Title: Web document summarisation using pointwise mutual information (PMI) from web resources
Authors: Atul Kumar Srivastava; Dhiraj Pandey; Alok Aggarwal; Sunil Gupta
Addresses: APJ Abdul Kalam Technical University, Uttar Pradesh, Lucknow, 226031, India ' JSS Academy of Technical Education Noida, Noida, 201301, India ' University of Petroleum and Energy Studies, Dehradun, 248007, India ' University of Petroleum and Energy Studies, Dehradun, 248007, India
Abstract: Nowadays, large amount of data is generated over the internet. It is impossible for the humans to summarise such large chunks of bytes. Therefore, to deal with such challenges, automatic text summarisation systems are deployed. Text Summarisation is the field of data mining that highlights the relevance of important text in a document.
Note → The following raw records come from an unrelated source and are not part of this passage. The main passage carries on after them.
(* For every information structure $\mathbf q$ (with $\mathbb E[\mathbf q]=p_0$), the following three conditions are equivalent: (i) $\mathrm{VoI}_A(\mathbf q)=0$; (ii) there exists $a^\star\in A^\star(p_0)$ such that $a^\star\in A^\star(\mathbf q)$ $\mathbb P$-almost surely; (iii) $\mathbf q\in \Delta^{c}_A(p_0)$ $\mathbb P$-almost surely.
   Context: Let $K$ be a finite set of states of nature. Signed measures on $K$ are identified with $\mathbb R^K$, with scalar product $\langle s,v\rangle=\sum_{k\in K}s_kv_k$ and Euclidean norm $\|\cdot\|$. Let $\Delta\subset\mathbb R^K$ be the simplex of probability distributions on $K$, and fix a prior $p_0\in\Delta$ with full support. The action set $A\subset\mathbb R^K$ is the closed convex hull $\overline{\mathrm{co}}\{(g(d,k))_{k\in K}: d\in D\}$ for a compact set $D$ and a continuous $g:D\times K\to\mathbb R$; in particular $A$ is a nonempty compact convex subset of $\mathbb R^K$. The value function is $v_A(p)=\max_{a\in A}\langle p,a\rangle$ for $p\in\Delta$. For $p\in\Delta$, the set of optimal actions is $A^\star(p)=\{a\in A:\langle p,a'\rangle\le\langle p,a\rangle\ \forall a'\in A\}$. For $a\in A$, the set of beliefs revealed by $a$ is $\Delta^\star_A(a)=\{p\in\Delta:\langle p,a'\rangle\le\langle p,a\rangle\ \forall a'\in A\}$. The confidence set of $p_0$ is $\Delta^c_A(p_0)=\bigcap_{a\in A^\star(p_0)}\Delta^\star_A(a)$. An information structure is a random variable $\mathbf q$ defined on a probability space $(\Omega,\mathcal F,\mathbb P)$ with values in $\Delta$ such that $\mathbb E[\mathbf q]=p_0$. The value of information is $\mathrm{VoI}_A(\mathbf q)=\mathbb E[v_A(\mathbf q)]-v_A(p_0)$. *)

theory Defs
  imports "HOL-Analysis.Analysis" "HOL-Probability.Probability"
begin

text \<open>Signed measures on the finite state space K are vectors in real^'k;
  the scalar product is the inner product (sum over k of s_k v_k).\<close>

definition prob_simplex :: "(real^'k::finite) set" where
  "prob_simplex = {p. (\<forall>k. 0 \<le> p $ k) \<and> (\<Sum>k\<in>UNIV. p $ k) = 1}"

definition action_set :: "'d::topological_space set \<Rightarrow> ('d \<Rightarrow> 'k::finite \<Rightarrow> real) \<Rightarrow> (real^'k) set" where
  "action_set D g = closure (convex hull ((\<lambda>d. \<chi> k. g d k) ` D))"

definition vA :: "(real^'k::finite) set \<Rightarrow> real^'k \<Rightarrow> real" where
  "vA A p = (SUP a\<in>A. p \<bullet> a)"

definition Astar :: "(real^'k::finite) set \<Rightarrow> real^'k \<Rightarrow> (real^'k) set" where
  "Astar A p = {a\<in>A. \<forall>a'\<in>A. p \<bullet> a' \<le> p \<bullet> a}"

definition Deltastar :: "(real^'k::finite) set \<Rightarrow> real^'k \<Rightarrow> (real^'k) set" where
  "Deltastar A a = {p\<in>prob_simplex. \<forall>a'\<in>A. p \<bullet> a' \<le> p \<bullet> a}"

definition Deltac :: "(real^'k::finite) set \<Rightarrow> real^'k \<Rightarrow> (real^'k) set" where
  "Deltac A p0 = (\<Inter>a\<in>Astar A p0. Deltastar A a)"

definition info_structure :: "'w measure \<Rightarrow> ('w \<Rightarrow> real^'k::finite) \<Rightarrow> real^'k \<Rightarrow> bool" where
  "info_structure M q p0 \<longleftrightarrow> prob_space M \<and> (\<forall>\<omega>\<in>space M. q \<omega> \<in> prob_simplex)
     \<and> (\<forall>k. (\<lambda>\<omega>. q \<omega> $ k) \<in> borel_measurable M)
     \<and> (\<forall>k. (\<integral>\<omega>. q \<omega> $ k \<partial>M) = p0 $ k)"

definition VoI :: "(real^'k::finite) set \<Rightarrow> 'w measure \<Rightarrow> ('w \<Rightarrow> real^'k) \<Rightarrow> real^'k \<Rightarrow> real" where
  "VoI A M q p0 = (\<integral>\<omega>. vA A (q \<omega>) \<partial>M) - vA A p0"

end

theory Submission
  imports Defs
begin

text \<open>Fix an optimal action \<open>a\<close> at the prior. Since \<open>\<bbbE>[\<langle>q, a\<rangle>] = \<langle>p0, a\<rangle> = v(p0)\<close>, the value
  of information is the expectation of the nonnegative gap \<open>v(q) - \<langle>q, a\<rangle>\<close>, so it vanishes iff
  \<open>a\<close> stays optimal at almost every posterior. Once one optimal action survives almost surely,
  every one does; to make this a single almost-sure event, use a countable dense subset of the
  optimal actions at \<open>p0\<close> and the closedness of the sets of optimal actions.\<close>

lemma compact_action_set:
  assumes "compact D" "\<And>k. continuous_on D (\<lambda>d. g d k)"
  shows "compact (action_set D g)"
proof -
  have "continuous_on D (\<lambda>d. \<chi> k. g d k)"
    using assms(2) by (intro continuous_on_vec_lambda) auto
  then have "compact (convex hull ((\<lambda>d. \<chi> k. g d k) ` D))"
    using assms(1) by (intro compact_convex_hull compact_continuous_image)
  then show ?thesis
    unfolding action_set_def by (simp add: closure_closed compact_imp_closed)
qed

lemma action_set_nonempty: "D \<noteq> {} \<Longrightarrow> action_set D g \<noteq> {}"
  unfolding action_set_def by simp

lemma Astar_nonempty:
  assumes "compact A" "A \<noteq> {}"
  shows "Astar A p \<noteq> {}"
proof -
  have "continuous_on A (\<lambda>a. p \<bullet> a)"
    by (intro continuous_intros)
  then obtain a where "a \<in> A" "\<forall>a'\<in>A. p \<bullet> a' \<le> p \<bullet> a"
    using continuous_attains_sup[OF assms] by metis
  then show ?thesis unfolding Astar_def by blast
qed

lemma closed_Astar: "closed A \<Longrightarrow> closed (Astar A p)"
proof -
  assume "closed A"
  moreover have "Astar A p = A \<inter> (\<Inter>a'\<in>A. {a. p \<bullet> a' \<le> p \<bullet> a})"
    unfolding Astar_def by auto
  ultimately show ?thesis
    by (auto intro: closed_INT closed_halfspace_ge)
qed

lemma vA_eq_inner_Astar: "a \<in> Astar A p \<Longrightarrow> vA A p = p \<bullet> a"
  unfolding vA_def Astar_def by (rule cSup_eq_maximum) auto

lemma inner_le_vA:
  assumes "compact A" "a \<in> A"
  shows "p \<bullet> a \<le> vA A p"
proof -
  obtain b where "b \<in> Astar A p"
    using Astar_nonempty[OF assms(1)] assms(2) by blast
  with assms(2) show ?thesis
    unfolding vA_eq_inner_Astar[OF \<open>b \<in> Astar A p\<close>] by (auto simp: Astar_def)
qed

lemma mem_Astar_iff_vA:
  assumes "compact A" "a \<in> A"
  shows "a \<in> Astar A p \<longleftrightarrow> vA A p = p \<bullet> a"
proof
  assume "vA A p = p \<bullet> a"
  then show "a \<in> Astar A p"
    using assms(2) inner_le_vA[OF assms(1), of _ p] unfolding Astar_def by auto
qed (rule vA_eq_inner_Astar)

lemma vA_zero: "A \<noteq> {} \<Longrightarrow> vA A 0 = 0"
  unfolding vA_def by simp

lemma lipschitz_on_vA:
  assumes "compact A" "\<forall>a\<in>A. norm a \<le> B" "0 \<le> B"
  shows "B-lipschitz_on UNIV (vA A)"
proof (rule lipschitz_onI)
  have one_sided: "vA A p - vA A p' \<le> B * dist p p'" for p p'
  proof (cases "A = {}")
    case False
    then obtain b where b: "b \<in> Astar A p"
      using Astar_nonempty[OF assms(1)] by blast
    then have "b \<in> A" by (simp add: Astar_def)
    have "vA A p = p' \<bullet> b + (p - p') \<bullet> b"
      using vA_eq_inner_Astar[OF b] by (simp add: inner_diff_left)
    also have "\<dots> \<le> vA A p' + norm (p - p') * norm b"
      using inner_le_vA[OF assms(1) \<open>b \<in> A\<close>, of p'] Cauchy_Schwarz_ineq2[of "p - p'" b]
      by linarith
    also have "\<dots> \<le> vA A p' + B * dist p p'"
      using assms(2) \<open>b \<in> A\<close> by (simp add: dist_norm mult.commute mult_right_mono)
    finally show ?thesis by simp
  qed (simp add: vA_def assms(3))
  show "dist (vA A p) (vA A p') \<le> B * dist p p'" for p p'
    using one_sided[of p p'] one_sided[of p' p]
    by (simp add: dist_real_def dist_commute)
qed (use assms in auto)

lemma norm_le_1_prob_simplex:
  assumes "p \<in> prob_simplex"
  shows "norm p \<le> 1"
proof -
  have "norm p \<le> (\<Sum>k\<in>UNIV. \<bar>p $ k\<bar>)" by (rule norm_le_l1_cart)
  also have "\<dots> = 1" using assms by (simp add: prob_simplex_def)
  finally show ?thesis .
qed

lemma mem_Deltac_iff:
  assumes "p \<in> prob_simplex"
  shows "p \<in> Deltac A p0 \<longleftrightarrow> Astar A p0 \<subseteq> Astar A p"
  using assms unfolding Deltac_def Deltastar_def Astar_def by blast

lemma borel_measurable_cartI:
  fixes f :: "'a \<Rightarrow> real^'k"
  assumes "\<And>k. (\<lambda>x. f x $ k) \<in> borel_measurable M"
  shows "f \<in> borel_measurable M"
proof (rule borel_measurable_euclidean_space[THEN iffD2], rule ballI)
  fix i :: "real^'k" assume "i \<in> Basis"
  then obtain k where "i = axis k 1"
    by (auto simp: Basis_vec_def Basis_real_def)
  then show "(\<lambda>x. f x \<bullet> i) \<in> borel_measurable M"
    using assms[of k] by (simp add: inner_axis)
qed

lemma AE_subset_closed:
  fixes S :: "'a::{metric_space, second_countable_topology} set"
  assumes "\<And>\<omega>. closed (C \<omega>)" and "\<forall>a\<in>S. AE \<omega> in M. a \<in> C \<omega>"
  shows "AE \<omega> in M. S \<subseteq> C \<omega>"
proof -
  obtain T where "countable T" "T \<subseteq> S" "S \<subseteq> closure T"
    using separable by blast
  with assms(2) have "AE \<omega> in M. \<forall>a\<in>T. a \<in> C \<omega>"
    by (subst AE_ball_countable) auto
  then show ?thesis
  proof eventually_elim
    case (elim \<omega>)
    then show ?case
      using \<open>S \<subseteq> closure T\<close> closure_minimal[OF _ assms(1)] by blast
  qed
qed

context
  fixes M :: "'w measure" and q :: "'w \<Rightarrow> real^'k::finite" and p0 :: "real^'k"
  assumes info: "info_structure M q p0"
begin

interpretation prob_space M
  using info by (simp add: info_structure_def)

lemma info_structure_norm_le_1: "\<omega> \<in> space M \<Longrightarrow> norm (q \<omega>) \<le> 1"
  using info by (auto simp: info_structure_def intro: norm_le_1_prob_simplex)

lemma info_structure_integrable_component: "integrable M (\<lambda>\<omega>. q \<omega> $ k)"
proof (rule integrable_const_bound[where B=1])
  show "AE \<omega> in M. norm (q \<omega> $ k) \<le> 1"
  proof (rule AE_I2)
    fix \<omega> assume "\<omega> \<in> space M"
    then show "norm (q \<omega> $ k) \<le> 1"
      using info_structure_norm_le_1 component_le_norm_cart[of "q \<omega>" k] by fastforce
  qed
qed (use info in \<open>simp add: info_structure_def\<close>)

lemma info_structure_integral_inner:
  "integrable M (\<lambda>\<omega>. q \<omega> \<bullet> a) \<and> (\<integral>\<omega>. q \<omega> \<bullet> a \<partial>M) = p0 \<bullet> a"
  using info info_structure_integrable_component
  by (simp add: inner_vec_def info_structure_def Bochner_Integration.integral_sum)

lemma info_structure_integrable_vA:
  assumes "compact A"
  shows "integrable M (\<lambda>\<omega>. vA A (q \<omega>))"
proof (cases "A = {}")
  case True
  then show ?thesis by (simp add: vA_def)
next
  case False
  obtain B where B: "\<forall>a\<in>A. norm a \<le> B" "0 \<le> B"
    using compact_imp_bounded[OF assms] by (auto simp: bounded_pos less_imp_le)
  note lip = lipschitz_on_vA[OF assms B]
  have "q \<in> borel_measurable M"
    using info by (intro borel_measurable_cartI) (simp add: info_structure_def)
  then have "(\<lambda>\<omega>. vA A (q \<omega>)) \<in> borel_measurable M"
    using borel_measurable_continuous_onI[OF lipschitz_on_continuous_on[OF lip]]
    by (rule measurable_compose)
  moreover have "norm (vA A (q \<omega>)) \<le> B" if "\<omega> \<in> space M" for \<omega>
  proof -
    have "norm (vA A (q \<omega>)) \<le> B * norm (q \<omega>)"
      using lipschitz_onD[OF lip, of "q \<omega>" 0] vA_zero[OF False] by (simp add: dist_norm)
    also have "\<dots> \<le> B"
      using info_structure_norm_le_1[OF that] B(2) by (rule mult_left_le)
    finally show ?thesis .
  qed
  ultimately show ?thesis
    by (intro integrable_const_bound[where B=B] AE_I2)
qed

lemma VoI_eq_0_iff_AE_Astar:
  assumes "compact A" and a: "a \<in> Astar A p0"
  shows "VoI A M q p0 = 0 \<longleftrightarrow> (AE \<omega> in M. a \<in> Astar A (q \<omega>))"
proof -
  have "a \<in> A" using a by (simp add: Astar_def)
  let ?gap = "\<lambda>\<omega>. vA A (q \<omega>) - q \<omega> \<bullet> a"
  have gap_integrable: "integrable M ?gap"
    using info_structure_integrable_vA[OF assms(1)] info_structure_integral_inner by auto
  have "VoI A M q p0 = (\<integral>\<omega>. ?gap \<omega> \<partial>M)"
    using info_structure_integrable_vA[OF assms(1)] info_structure_integral_inner[of a]
    by (simp add: VoI_def vA_eq_inner_Astar[OF a] Bochner_Integration.integral_diff)
  moreover have "AE \<omega> in M. 0 \<le> ?gap \<omega>"
    using inner_le_vA[OF assms(1) \<open>a \<in> A\<close>] by simp
  ultimately have "VoI A M q p0 = 0 \<longleftrightarrow> (AE \<omega> in M. ?gap \<omega> = 0)"
    using integral_nonneg_eq_0_iff_AE[OF gap_integrable] by simp
  then show ?thesis
    by (simp add: mem_Astar_iff_vA[OF assms(1) \<open>a \<in> A\<close>])
qed

end

theorem proposition3p1:
  fixes D :: "'d::topological_space set" and g :: "'d \<Rightarrow> 'k::finite \<Rightarrow> real"
    and p0 :: "real^'k" and M :: "'w measure" and q :: "'w \<Rightarrow> real^'k"
  assumes "compact D" and "D \<noteq> {}"
    and "\<And>k. continuous_on D (\<lambda>d. g d k)"
    and "p0 \<in> prob_simplex" and "\<And>k. p0 $ k > 0"
    and "info_structure M q p0"
  defines "A \<equiv> action_set D g"
  shows "(VoI A M q p0 = 0 \<longleftrightarrow> (\<exists>a\<in>Astar A p0. AE \<omega> in M. a \<in> Astar A (q \<omega>)))
       \<and> ((\<exists>a\<in>Astar A p0. AE \<omega> in M. a \<in> Astar A (q \<omega>)) \<longleftrightarrow> (AE \<omega> in M. q \<omega> \<in> Deltac A p0))"
proof -
  have "compact A" unfolding A_def using assms(1,3) by (rule compact_action_set)
  moreover have "A \<noteq> {}" unfolding A_def using assms(2) by (rule action_set_nonempty)
  ultimately obtain a0 where a0: "a0 \<in> Astar A p0" using Astar_nonempty by blast
  note VoI_iff = VoI_eq_0_iff_AE_Astar[OF assms(6) \<open>compact A\<close>]
  have "VoI A M q p0 = 0 \<longleftrightarrow> (AE \<omega> in M. Astar A p0 \<subseteq> Astar A (q \<omega>))"
  proof
    assume "VoI A M q p0 = 0"
    then show "AE \<omega> in M. Astar A p0 \<subseteq> Astar A (q \<omega>)"
      using VoI_iff closed_Astar compact_imp_closed[OF \<open>compact A\<close>] by (intro AE_subset_closed) auto
  qed (use a0 VoI_iff in \<open>auto elim: AE_mp\<close>)
  moreover have "(AE \<omega> in M. q \<omega> \<in> Deltac A p0) \<longleftrightarrow> (AE \<omega> in M. Astar A p0 \<subseteq> Astar A (q \<omega>))"
    using assms(6) mem_Deltac_iff by (intro AE_cong) (auto simp: info_structure_def)
  ultimately show ?thesis
    using a0 VoI_iff by blast
qed

end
In this paper, we proposed a web-based text summarisation approach that generates good quality summary based on total pointwise mutual information (TPMI) scores of the sentences. A sample document from DUC dataset is used which is pre-processed for tokenisation, stop words removal and stemming operations. Based on the extracted words, the TPMI is estimated by calculating the pointwise mutual information (PMI) of the occurrences of words on web search engine. To provide evidence for the robustness of our proposed system, proposed approach is compared with the well-known text summarisation techniques based on sentence length and mean score. The results show that our method outperforms the other techniques by exhibiting best results for closest mean score and generating good quality summary on sentences of different length.
Keywords: document summarisation; text summarisation; PMI; point-wise mutual information.
DOI: 10.1504/IJSSE.2022.127991
International Journal of System of Systems Engineering, 2022 Vol.12 No.4, pp.329 - 353
Received: 18 Aug 2021
Accepted: 25 Oct 2021
Published online: 03 Jan 2023 *